Thanks for comments and suggestions

38 posts / 0 new
Last post
For more complete information about compiler optimizations, see our Optimization Notice.

From IEEE Std 754-2008, section 5.11:

Four mutually exclusive relations are possible: less than, equal, greater than, and unordered. The last case arises when at least one operand is NaN. Every NaN shall compare unordered with everything, including itself.

Thus, comparisons involving integers whose bit pattern matches that of a floating-point NaN would be problematic.

Of course you can do int-to-double cast in order to use AVX, however...

>>...Would the comparisons will always be correct or will there be some integer values where the AVX floating point comparison
>>would not work?

I would be very carefull because your processing will be dependent on limitation of IEEE 754 Standard and, as recommended in many-many sources, a comparison with an Epsilon could be added ( expect a performance impact ).
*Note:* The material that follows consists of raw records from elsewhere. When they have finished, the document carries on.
(* Fix $K>0$ and $z\in\mathbb{C}$, and assume $b_n\ge m\ge m_0$ for a sufficiently large constant $m_0$. For all sufficiently large $n$ (depending on $K$) the following holds on the event $\mathcal{E}_K$: for every unit vector $v\in\mathbb{C}^n$ that is orthogonal to $\mathcal{H}_1$, and for every $i\in[m-1]$, either $\|v_{[i]}\|\ge b_n^{-10m}m^{-1/2}$ or $\|v_{[i+1]}\|\ge b_n^{-10m}m^{-1/2}$.
   Context: Let $b_n$ divide $n$, $m=n/b_n$, $c_n=3b_n$. Let $\tilde D_i,\tilde U_i,\tilde T_i$ ($i\in[m]$) be $b_n\times b_n$ matrices, $D_i=\tilde D_i/\sqrt{c_n}$, $U_i=\tilde U_i/\sqrt{c_n}$, $T_i=\tilde T_i/\sqrt{c_n}$, $(D_i)_z=D_i-zI_{b_n}$. Let $X$ be the $n\times n$ block matrix ($m\times m$ blocks of size $b_n$, block indices modulo $m$) with $(i,i)$ block $D_i$, $(i,i-1)$ block $T_{i-1}$, $(i,i+1)$ block $U_{i+1}$, other blocks zero, and $X_z=X-zI$. $\mathcal{H}_1$ is the span of all rows of $X_z$ except the first. $\mathcal{E}_K$ is the event that for all $i\in[m]$: $\|U_i\|,\|(D_i)_z\|,\|T_i\|\le K$ and the smallest singular values satisfy $s_{b_n}(U_i),s_{b_n}(T_i)\ge b_n^{-5}$. For $v\in\mathbb{C}^n$, $v_{[1]},\dots,v_{[m]}\in\mathbb{C}^{b_n}$ are the consecutive blocks of $b_n$ coordinates of $v$. *)

theory Defs
  imports Complex_Main
begin

text \<open>Vectors in C^k are functions nat \<Rightarrow> complex, only coordinates 0..k-1 matter.
  A k x k matrix is a function nat \<Rightarrow> nat \<Rightarrow> complex (row, column), entries with indices < k matter.
  Block families (D_i, U_i, T_i) are functions from the 1-based block index i \<in> {1..m} to matrices.\<close>

definition vnorm :: "nat \<Rightarrow> (nat \<Rightarrow> complex) \<Rightarrow> real" where
  "vnorm k x = sqrt (\<Sum>j<k. (cmod (x j))\<^sup>2)"

definition mulv :: "nat \<Rightarrow> (nat \<Rightarrow> nat \<Rightarrow> complex) \<Rightarrow> (nat \<Rightarrow> complex) \<Rightarrow> (nat \<Rightarrow> complex)" where
  "mulv k A x = (\<lambda>p. \<Sum>q<k. A p q * x q)"

definition opnorm :: "nat \<Rightarrow> (nat \<Rightarrow> nat \<Rightarrow> complex) \<Rightarrow> real" where
  "opnorm k A = Sup {vnorm k (mulv k A x) | x. vnorm k x = 1}"

definition smin :: "nat \<Rightarrow> (nat \<Rightarrow> nat \<Rightarrow> complex) \<Rightarrow> real" where
  "smin k A = Inf {vnorm k (mulv k A x) | x. vnorm k x = 1}"

text \<open>Scaled blocks D_i = tilde D_i / sqrt(c_n), c_n = 3 b_n.\<close>
definition scaleb :: "nat \<Rightarrow> (nat \<Rightarrow> nat \<Rightarrow> nat \<Rightarrow> complex) \<Rightarrow> (nat \<Rightarrow> nat \<Rightarrow> nat \<Rightarrow> complex)" where
  "scaleb b M = (\<lambda>i p q. M i p q / complex_of_real (sqrt (real (3 * b))))"

definition prevb :: "nat \<Rightarrow> nat \<Rightarrow> nat" where
  "prevb m i = (if i = 1 then m else i - 1)"

definition nextb :: "nat \<Rightarrow> nat \<Rightarrow> nat" where
  "nextb m i = (if i = m then 1 else i + 1)"

text \<open>The n x n block matrix X (n = m b), with 0-based entry indices r, c < n:
  block (i,i) = D_i, block (i,i-1) = T_{i-1}, block (i,i+1) = U_{i+1} (indices mod m).\<close>
definition Xmat :: "nat \<Rightarrow> nat \<Rightarrow> (nat \<Rightarrow> nat \<Rightarrow> nat \<Rightarrow> complex) \<Rightarrow> (nat \<Rightarrow> nat \<Rightarrow> nat \<Rightarrow> complex)
    \<Rightarrow> (nat \<Rightarrow> nat \<Rightarrow> nat \<Rightarrow> complex) \<Rightarrow> nat \<Rightarrow> nat \<Rightarrow> complex" where
  "Xmat b m D U T r c =
     (let I = r div b + 1; J = c div b + 1; p = r mod b; q = c mod b in
       (if J = I then D I p q else 0)
     + (if J = prevb m I then T (prevb m I) p q else 0)
     + (if J = nextb m I then U (nextb m I) p q else 0))"

definition Xz :: "nat \<Rightarrow> nat \<Rightarrow> (nat \<Rightarrow> nat \<Rightarrow> nat \<Rightarrow> complex) \<Rightarrow> (nat \<Rightarrow> nat \<Rightarrow> nat \<Rightarrow> complex)
    \<Rightarrow> (nat \<Rightarrow> nat \<Rightarrow> nat \<Rightarrow> complex) \<Rightarrow> complex \<Rightarrow> nat \<Rightarrow> nat \<Rightarrow> complex" where
  "Xz b m D U T z r c = Xmat b m D U T r c - (if r = c then z else 0)"

definition H1 :: "nat \<Rightarrow> nat \<Rightarrow> (nat \<Rightarrow> nat \<Rightarrow> nat \<Rightarrow> complex) \<Rightarrow> (nat \<Rightarrow> nat \<Rightarrow> nat \<Rightarrow> complex)
    \<Rightarrow> (nat \<Rightarrow> nat \<Rightarrow> nat \<Rightarrow> complex) \<Rightarrow> complex \<Rightarrow> (nat \<Rightarrow> complex) set" where
  "H1 b m D U T z = {(\<lambda>c. \<Sum>r\<in>{1..<m*b}. a r * Xz b m D U T z r c) | a. True}"

definition cinner :: "nat \<Rightarrow> (nat \<Rightarrow> complex) \<Rightarrow> (nat \<Rightarrow> complex) \<Rightarrow> complex" where
  "cinner n x y = (\<Sum>j<n. x j * cnj (y j))"

definition orth_to :: "nat \<Rightarrow> (nat \<Rightarrow> complex) \<Rightarrow> (nat \<Rightarrow> complex) set \<Rightarrow> bool" where
  "orth_to n v H \<longleftrightarrow> (\<forall>h\<in>H. cinner n v h = 0)"

definition blocknorm :: "nat \<Rightarrow> (nat \<Rightarrow> complex) \<Rightarrow> nat \<Rightarrow> real" where
  "blocknorm b v i = vnorm b (\<lambda>p. v ((i - 1) * b + p))"

text \<open>The event E_K, for D_i, U_i, T_i (already scaled).\<close>
definition eventE :: "real \<Rightarrow> complex \<Rightarrow> nat \<Rightarrow> nat \<Rightarrow> (nat \<Rightarrow> nat \<Rightarrow> nat \<Rightarrow> complex)
    \<Rightarrow> (nat \<Rightarrow> nat \<Rightarrow> nat \<Rightarrow> complex) \<Rightarrow> (nat \<Rightarrow> nat \<Rightarrow> nat \<Rightarrow> complex) \<Rightarrow> bool" where
  "eventE K z b m D U T \<longleftrightarrow>
     (\<forall>i\<in>{1..m}.
        opnorm b (U i) \<le> K \<and>
        opnorm b (\<lambda>p q. D i p q - (if p = q then z else 0)) \<le> K \<and>
        opnorm b (T i) \<le> K \<and>
        smin b (U i) \<ge> 1 / real b ^ 5 \<and>
        smin b (T i) \<ge> 1 / real b ^ 5)"

end

(* Orthogonality of v to H_1 says that w = conj v is annihilated by every row of X_z except the
   first. In block row I, 1 < I < m, this is the three-term relation
     T_(I-1) w_[I-1] + (D_I - z) w_[I] + U_(I+1) w_[I+1] = 0.
   Since s_b(U_i), s_b(T_i) >= b^-5 and all blocks have norm at most K, each block norm is at most
   C = b^5 K times the sum of the two block norms next to it on either side. Starting from two
   adjacent blocks of norm at most e, every block therefore has norm at most (2C+1)^m e <= b^(10m) e,
   and |v| = 1 forces e >= b^(-10m) m^(-1/2). *)

theory Submission
  imports Defs "HOL-Analysis.L2_Norm"
begin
If your tests are deterministic ( No Random data ) an accuracy of processings, I mean based in integers and then based on doubles, could be verified as soon as both outputs are saved.

There are single- and double-precision binary format viewers on the web and you could look / verify how some integer values will look like after conversion to double type.

>>...Thus, comparisons involving integers whose bit pattern matches that of a floating-point NaN would be problematic...

That looks interesting and could you give us at least one example when some integer value could be converted to a double-precision NaN value?

>>...Thus, comparisons involving integers whose bit pattern matches that of a floating-point NaN would be problematic...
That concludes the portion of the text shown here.